# WORK INSTRUCTIONS:
Nothing in the records may change when you print them out again.

# DATA:
(* Let $F$ be a finite field with $q=|F|$. Let $k,m,n\in\mathbb{N}$ with $k\le m$ and $k\le n+1$. Fix $a\in F^k$. Then $$\sum_{\substack{x\in F^{m+n+1}\\ x_{[0,k)}=a}}\ \sum_{\substack{v\in F^{1\times(m+1)}\\ v\ne 0}}[v\,H_{m,n}(x)=0] \;-\; q\sum_{\substack{x\in F^{m+n+1}\\ x_{[0,k)}=a}}\ \sum_{\substack{v\in F^{1\times m}\\ v\ne 0}}[v\,H_{m-1,n+1}(x)=0] = (q-1)q^{2m-k}.$$
   Context: $\mathbb{N}=\{0,1,2,\ldots\}$. $x_{[0,k)}$ denotes $(x_0,\ldots,x_{k-1})$. For a statement $\mathcal{A}$, $[\mathcal{A}]$ is $1$ if true, $0$ if false. For $x=(x_0,\ldots,x_N)\in F^{N+1}$ and integers $p,p'\ge -1$ with $p+p'\le N$, $H_{p,p'}(x)=(x_{i+j})_{0\le i\le p,\,0\le j\le p'}$. *)

theory Defs
  imports Main
begin

text \<open>Vectors in F^r are lists of length r (indices 0..r-1).
  The Hankel matrix H_{p,p'}(x) has rows indexed 0..p and columns 0..p';
  we parametrise it by its number of rows r = p+1 and columns c = p'+1,
  so that p = -1 (zero rows) is representable.\<close>

definition hankel_entry :: "'a list \<Rightarrow> nat \<Rightarrow> nat \<Rightarrow> 'a" where
  "hankel_entry x i j = x ! (i + j)"

definition vec_hankel_zero :: "'a::field list \<Rightarrow> nat \<Rightarrow> nat \<Rightarrow> 'a list \<Rightarrow> bool" where
  "vec_hankel_zero x r c v \<longleftrightarrow> (\<forall>j<c. (\<Sum>i<r. v ! i * hankel_entry x i j) = 0)"

definition nonzero_vecs :: "nat \<Rightarrow> 'a::zero list set" where
  "nonzero_vecs r = {v. length v = r \<and> v \<noteq> replicate r 0}"

end

(* Swap the two summations and count, for each nonzero v, the words x with prefix a and
   v H(x) = 0.  If the last entry v_m is nonzero, the n + 1 column equations determine
   x_m, ..., x_{m+n} recursively from the earlier entries, so there are q^(m-k) solutions,
   and there are (q - 1) q^m such v.  Otherwise v = (w, 0) with w nonzero, and v H_{m,n}(x) = 0
   says that w H_{m-1,n+1}(x) vanishes except possibly in its last column.  That last equation
   has a unique solution in x_{d+n+1}, d the last nonzero index of w, a coordinate occurring
   nowhere else; so such v has exactly q times as many solutions as w has in the second sum. *)
theory Submission
  imports Defs "HOL-Library.Cardinality"
begin

lemma finite_lists_length_UNIV: "finite {xs :: 'a::finite list. length xs = n}"
  using finite_lists_length_eq[OF finite_class.finite_UNIV, of n] by simp

lemma card_lists_length_UNIV: "card {xs :: 'a::finite list. length xs = n} = CARD('a) ^ n"
  using card_lists_length_eq[OF finite_class.finite_UNIV, of n] by simp

lemma card_lists_with_prefix:
  fixes a :: "'a::finite list"
  assumes "length a \<le> m"
  shows "card {x. length x = m \<and> take (length a) x = a} = CARD('a) ^ (m - length a)"
proof -
  have "{x. length x = m \<and> take (length a) x = a} = (\<lambda>w. a @ w) ` {w. length w = m - length a}"
  proof (intro equalityI subsetI)
    fix x assume x: "x \<in> {x. length x = m \<and> take (length a) x = a}"
    then have "x = a @ drop (length a) x"
      using append_take_drop_id[of "length a" x] by simp
    with x show "x \<in> (\<lambda>w. a @ w) ` {w. length w = m - length a}"
      by (intro image_eqI[of _ _ "drop (length a) x"]) auto
  next
    fix x assume "x \<in> (\<lambda>w. a @ w) ` {w. length w = m - length a}"
    with assms show "x \<in> {x. length x = m \<and> take (length a) x = a}" by auto
  qed
  then show ?thesis
    by (simp add: card_image inj_on_def card_lists_length_UNIV)
qed

lemma card_eq_CARD_mult_card_if_unique_update:
  fixes S :: "'a::finite list set"
  assumes "\<And>x. x \<in> S \<Longrightarrow> p < length x"
    and "\<And>x c. x \<in> S \<Longrightarrow> x[p := c] \<in> S"
    and "\<And>x. x \<in> S \<Longrightarrow> \<exists>!c. E (x[p := c])"
  shows "card S = CARD('a) * card {x \<in> S. E x}"
proof -
  define sol where "sol x = (THE c. E (x[p := c]))" for x
  have sol_solves: "E (x[p := sol x])" if "x \<in> S" for x
    unfolding sol_def by (rule theI'[OF assms(3)[OF that]])
  have sol_unique: "sol x = c" if "x \<in> S" "E (x[p := c])" for x c
    unfolding sol_def by (rule the1_equality[OF assms(3)[OF that(1)] that(2)])
  have "bij_betw (\<lambda>(y, c). y[p := c]) ({x \<in> S. E x} \<times> (UNIV :: 'a set)) S"
  proof (rule bij_betw_byWitness[where f' = "\<lambda>x. (x[p := sol x], x ! p)"])
    show "\<forall>u \<in> {x \<in> S. E x} \<times> (UNIV :: 'a set). (\<lambda>x. (x[p := sol x], x ! p)) ((\<lambda>(y, c). y[p := c]) u) = u"
    proof
      fix u assume "u \<in> {x \<in> S. E x} \<times> (UNIV :: 'a set)"
      then obtain y c where u: "u = (y, c)" and y: "y \<in> S" "E y" by blast
      have "sol (y[p := c]) = y ! p"
        using sol_unique[of "y[p := c]" "y ! p"] assms(2)[OF y(1)] y(2) by simp
      then show "(\<lambda>x. (x[p := sol x], x ! p)) ((\<lambda>(y, c). y[p := c]) u) = u"
        using u assms(1)[OF y(1)] by simp
    qed
    show "\<forall>x \<in> S. (\<lambda>(y, c). y[p := c]) (x[p := sol x], x ! p) = x" by simp
    show "(\<lambda>(y, c). y[p := c]) ` ({x \<in> S. E x} \<times> (UNIV :: 'a set)) \<subseteq> S" using assms(2) by auto
    show "(\<lambda>x. (x[p := sol x], x ! p)) ` S \<subseteq> {x \<in> S. E x} \<times> (UNIV :: 'a set)"
      using assms(2) sol_solves by auto
  qed
  then have "card ({x \<in> S. E x} \<times> (UNIV :: 'a set)) = card S"
    by (rule bij_betw_same_card)
  then show ?thesis
    by (simp add: card_cartesian_product mult.commute)
qed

# WORKED SOLUTION:
(* Let $F$ be a finite field with $q=|F|$. Let $k,m,n\in\mathbb{N}$ with $k\le m$ and $k\le n+1$. Fix $a\in F^k$. Then $$\sum_{\substack{x\in F^{m+n+1}\\ x_{[0,k)}=a}}\ \sum_{\substack{v\in F^{1\times(m+1)}\\ v\ne 0}}[v\,H_{m,n}(x)=0] \;-\; q\sum_{\substack{x\in F^{m+n+1}\\ x_{[0,k)}=a}}\ \sum_{\substack{v\in F^{1\times m}\\ v\ne 0}}[v\,H_{m-1,n+1}(x)=0] = (q-1)q^{2m-k}.$$
   Context: $\mathbb{N}=\{0,1,2,\ldots\}$. $x_{[0,k)}$ denotes $(x_0,\ldots,x_{k-1})$. For a statement $\mathcal{A}$, $[\mathcal{A}]$ is $1$ if true, $0$ if false. For $x=(x_0,\ldots,x_N)\in F^{N+1}$ and integers $p,p'\ge -1$ with $p+p'\le N$, $H_{p,p'}(x)=(x_{i+j})_{0\le i\le p,\,0\le j\le p'}$. *)

theory Defs
  imports Main
begin

text \<open>Vectors in F^r are lists of length r (indices 0..r-1).
  The Hankel matrix H_{p,p'}(x) has rows indexed 0..p and columns 0..p';
  we parametrise it by its number of rows r = p+1 and columns c = p'+1,
  so that p = -1 (zero rows) is representable.\<close>

definition hankel_entry :: "'a list \<Rightarrow> nat \<Rightarrow> nat \<Rightarrow> 'a" where
  "hankel_entry x i j = x ! (i + j)"

definition vec_hankel_zero :: "'a::field list \<Rightarrow> nat \<Rightarrow> nat \<Rightarrow> 'a list \<Rightarrow> bool" where
  "vec_hankel_zero x r c v \<longleftrightarrow> (\<forall>j<c. (\<Sum>i<r. v ! i * hankel_entry x i j) = 0)"

definition nonzero_vecs :: "nat \<Rightarrow> 'a::zero list set" where
  "nonzero_vecs r = {v. length v = r \<and> v \<noteq> replicate r 0}"

end

(* Swap the two summations and count, for each nonzero v, the words x with prefix a and
   v H(x) = 0.  If the last entry v_m is nonzero, the n + 1 column equations determine
   x_m, ..., x_{m+n} recursively from the earlier entries, so there are q^(m-k) solutions,
   and there are (q - 1) q^m such v.  Otherwise v = (w, 0) with w nonzero, and v H_{m,n}(x) = 0
   says that w H_{m-1,n+1}(x) vanishes except possibly in its last column.  That last equation
   has a unique solution in x_{d+n+1}, d the last nonzero index of w, a coordinate occurring
   nowhere else; so such v has exactly q times as many solutions as w has in the second sum. *)
theory Submission
  imports Defs "HOL-Library.Cardinality"
begin

lemma finite_lists_length_UNIV: "finite {xs :: 'a::finite list. length xs = n}"
  using finite_lists_length_eq[OF finite_class.finite_UNIV, of n] by simp

lemma card_lists_length_UNIV: "card {xs :: 'a::finite list. length xs = n} = CARD('a) ^ n"
  using card_lists_length_eq[OF finite_class.finite_UNIV, of n] by simp

lemma card_lists_with_prefix:
  fixes a :: "'a::finite list"
  assumes "length a \<le> m"
  shows "card {x. length x = m \<and> take (length a) x = a} = CARD('a) ^ (m - length a)"
proof -
  have "{x. length x = m \<and> take (length a) x = a} = (\<lambda>w. a @ w) ` {w. length w = m - length a}"
  proof (intro equalityI subsetI)
    fix x assume x: "x \<in> {x. length x = m \<and> take (length a) x = a}"
    then have "x = a @ drop (length a) x"
      using append_take_drop_id[of "length a" x] by simp
    with x show "x \<in> (\<lambda>w. a @ w) ` {w. length w = m - length a}"
      by (intro image_eqI[of _ _ "drop (length a) x"]) auto
  next
    fix x assume "x \<in> (\<lambda>w. a @ w) ` {w. length w = m - length a}"
    with assms show "x \<in> {x. length x = m \<and> take (length a) x = a}" by auto
  qed
  then show ?thesis
    by (simp add: card_image inj_on_def card_lists_length_UNIV)
qed

lemma card_eq_CARD_mult_card_if_unique_update:
  fixes S :: "'a::finite list set"
  assumes "\<And>x. x \<in> S \<Longrightarrow> p < length x"
    and "\<And>x c. x \<in> S \<Longrightarrow> x[p := c] \<in> S"
    and "\<And>x. x \<in> S \<Longrightarrow> \<exists>!c. E (x[p := c])"
  shows "card S = CARD('a) * card {x \<in> S. E x}"
proof -
  define sol where "sol x = (THE c. E (x[p := c]))" for x
  have sol_solves: "E (x[p := sol x])" if "x \<in> S" for x
    unfolding sol_def by (rule theI'[OF assms(3)[OF that]])
  have sol_unique: "sol x = c" if "x \<in> S" "E (x[p := c])" for x c
    unfolding sol_def by (rule the1_equality[OF assms(3)[OF that(1)] that(2)])
  have "bij_betw (\<lambda>(y, c). y[p := c]) ({x \<in> S. E x} \<times> (UNIV :: 'a set)) S"
  proof (rule bij_betw_byWitness[where f' = "\<lambda>x. (x[p := sol x], x ! p)"])
    show "\<forall>u \<in> {x \<in> S. E x} \<times> (UNIV :: 'a set). (\<lambda>x. (x[p := sol x], x ! p)) ((\<lambda>(y, c). y[p := c]) u) = u"
    proof
      fix u assume "u \<in> {x \<in> S. E x} \<times> (UNIV :: 'a set)"
      then obtain y c where u: "u = (y, c)" and y: "y \<in> S" "E y" by blast
      have "sol (y[p := c]) = y ! p"
        using sol_unique[of "y[p := c]" "y ! p"] assms(2)[OF y(1)] y(2) by simp
      then show "(\<lambda>x. (x[p := sol x], x ! p)) ((\<lambda>(y, c). y[p := c]) u) = u"
        using u assms(1)[OF y(1)] by simp
    qed
    show "\<forall>x \<in> S. (\<lambda>(y, c). y[p := c]) (x[p := sol x], x ! p) = x" by simp
    show "(\<lambda>(y, c). y[p := c]) ` ({x \<in> S. E x} \<times> (UNIV :: 'a set)) \<subseteq> S" using assms(2) by auto
    show "(\<lambda>x. (x[p := sol x], x ! p)) ` S \<subseteq> {x \<in> S. E x} \<times> (UNIV :: 'a set)"
      using assms(2) sol_solves by auto
  qed
  then have "card ({x \<in> S. E x} \<times> (UNIV :: 'a set)) = card S"
    by (rule bij_betw_same_card)
  then show ?thesis
    by (simp add: card_cartesian_product mult.commute)
qed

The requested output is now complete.